На улице свистел ветер. Домой Алитет не вернулся. Он разъезжал и часто оставался ночевать у невтумов - приятелей по жене.
На побережье существовал обычай, когда охотники-мужчины договаривались друг с другом и временно обменивались женами. Нередко можно было встретить семью, глава которой говорил: "Это вот мой сын, а это - сын от моего приятеля по сменному браку". Такой союз двух семей обязывал к взаимной помощи. И если один из приятелей погибал или умирал, другой брал на себя заботу о его семье. Двое мужчин, состоящих в сменном браке, и назывались невтумами.

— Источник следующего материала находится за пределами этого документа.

(* In the setting of the context, let $\phi:F(G)\to\coprod_A G_\lambda$ be the unique homomorphism with $\phi(g)=g$ for all $g\in G$ (it is surjective and $1$-Lipschitz from $(F(G),d_F)$ to $(\coprod_A G_\lambda,\underline d)$), let $\mathfrak N=\ker\phi$, and let $d_0$ be the factor metric on $F(G)/\mathfrak N$. Then the isomorphism $F(G)/\mathfrak N\to\coprod_A G_\lambda$ induced by $\phi$ is an isometry from $(F(G)/\mathfrak N,d_0)$ onto $(\coprod_A G_\lambda,\underline d)$.
   Context: Setting: $(G_\lambda,d_\lambda)_{\lambda\in\Lambda}$ are groups with two-sided invariant metrics, $A$ is a common subgroup closed in every $G_\lambda$, $G_{\lambda_1}\cap G_{\lambda_2}=A$ for $\lambda_1\ne\lambda_2$, all $d_\lambda$ agree on $A$; $G=\bigcup_\lambda G_\lambda$ with the amalgam metric $d$ ($d=d_\lambda$ on $G_\lambda$; $d(f_1,f_2)=\inf_{a\in A}\{d_{\lambda_1}(f_1,a)+d_{\lambda_2}(a,f_2)\}$ if $f_1\in G_{\lambda_1}$, $f_2\in G_{\lambda_2}$ are not in a common $G_\lambda$), and $\underline d$ is the Graev metric on $\coprod_A G_\lambda$: $\underline d(f_1,f_2)=\inf\{\sum_i d(\alpha_1(i),\alpha_2(i)) : |\alpha_1|=|\alpha_2|,\ \hat\alpha_i=f_i\}$ over words in the alphabet $G$, $\hat\alpha$ being the product of the letters. Graev metric on free groups: for a pointed metric space $(X,e,d)$, let $X^{-1}$ be a set of formal inverses with $e^{-1}=e$, $X\cap X^{-1}=\{e\}$, and $\overline X=X\cup X^{-1}$ with metric $d(x^{-1},y^{-1})=d(x,y)$, $d(x,y^{-1})=d(x,e)+d(e,y)$ for $x,y\in X$. $F(X)$ is the free group on $X\setminus\{e\}$ (with $e$ interpreted as the identity); for a word $u$ over $\overline X$, $\hat u\in F(X)$ is its evaluation. For words $u,v$ of equal length $\rho(u,v)=\sum_i d(u(i),v(i))$, and $d_F(f,g)=\inf\{\rho(u,v):|u|=|v|,\hat u=f,\hat v=g\}$; this is a two-sided invariant metric on $F(X)$. Here $X=G$ pointed at the identity $e$ with the amalgam metric $d$. Factor metric: for a group $H$ with two-sided invariant metric $\delta$ and closed normal subgroup $N$, $d_0(g_1N,g_2N)=\inf\{\delta(g_1h_1,g_2h_2):h_1,h_2\in N\}$. *)

theory Defs
  imports "HOL-Analysis.Analysis" "HOL-Algebra.Algebra"
begin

Но никто не пользовался этим старым обычаем так широко, как Алитет. Почти в каждом стойбище он имел таких приятелей.
ГЛАВА ОДИННАДЦАТАЯ
Жизнь стойбища Энмакай протекала обычным порядком. Как только прекращалась пурга, охотники выходили на море. Навесив ружья в тюленьих чехлах, они шли во льды, где под действием ветра и морских течений открывались полыньи.
Еще не выходя из стойбища, охотники определяли по отражению на небе величину полыньи и расстояние до нее. Большие полыньи, напоминающие громадные озера с ледовыми берегами, были неудобны для охоты: трудно достать убитого тюленя.
В белых, защитного цвета, балахонах охотники садились где-нибудь за отрогом льдины, курили трубку и, не отрывая глаз от воды, сторожили тюленя. Он редко показывался. Но как только тюлень бесшумно выныривал на поверхность, обнажая усатую морду, сейчас же раздавался выстрел. Тюлень, взмахнув ластами, на минуту скрывался в море, а затем всплывал, окрасив воду своей кровью.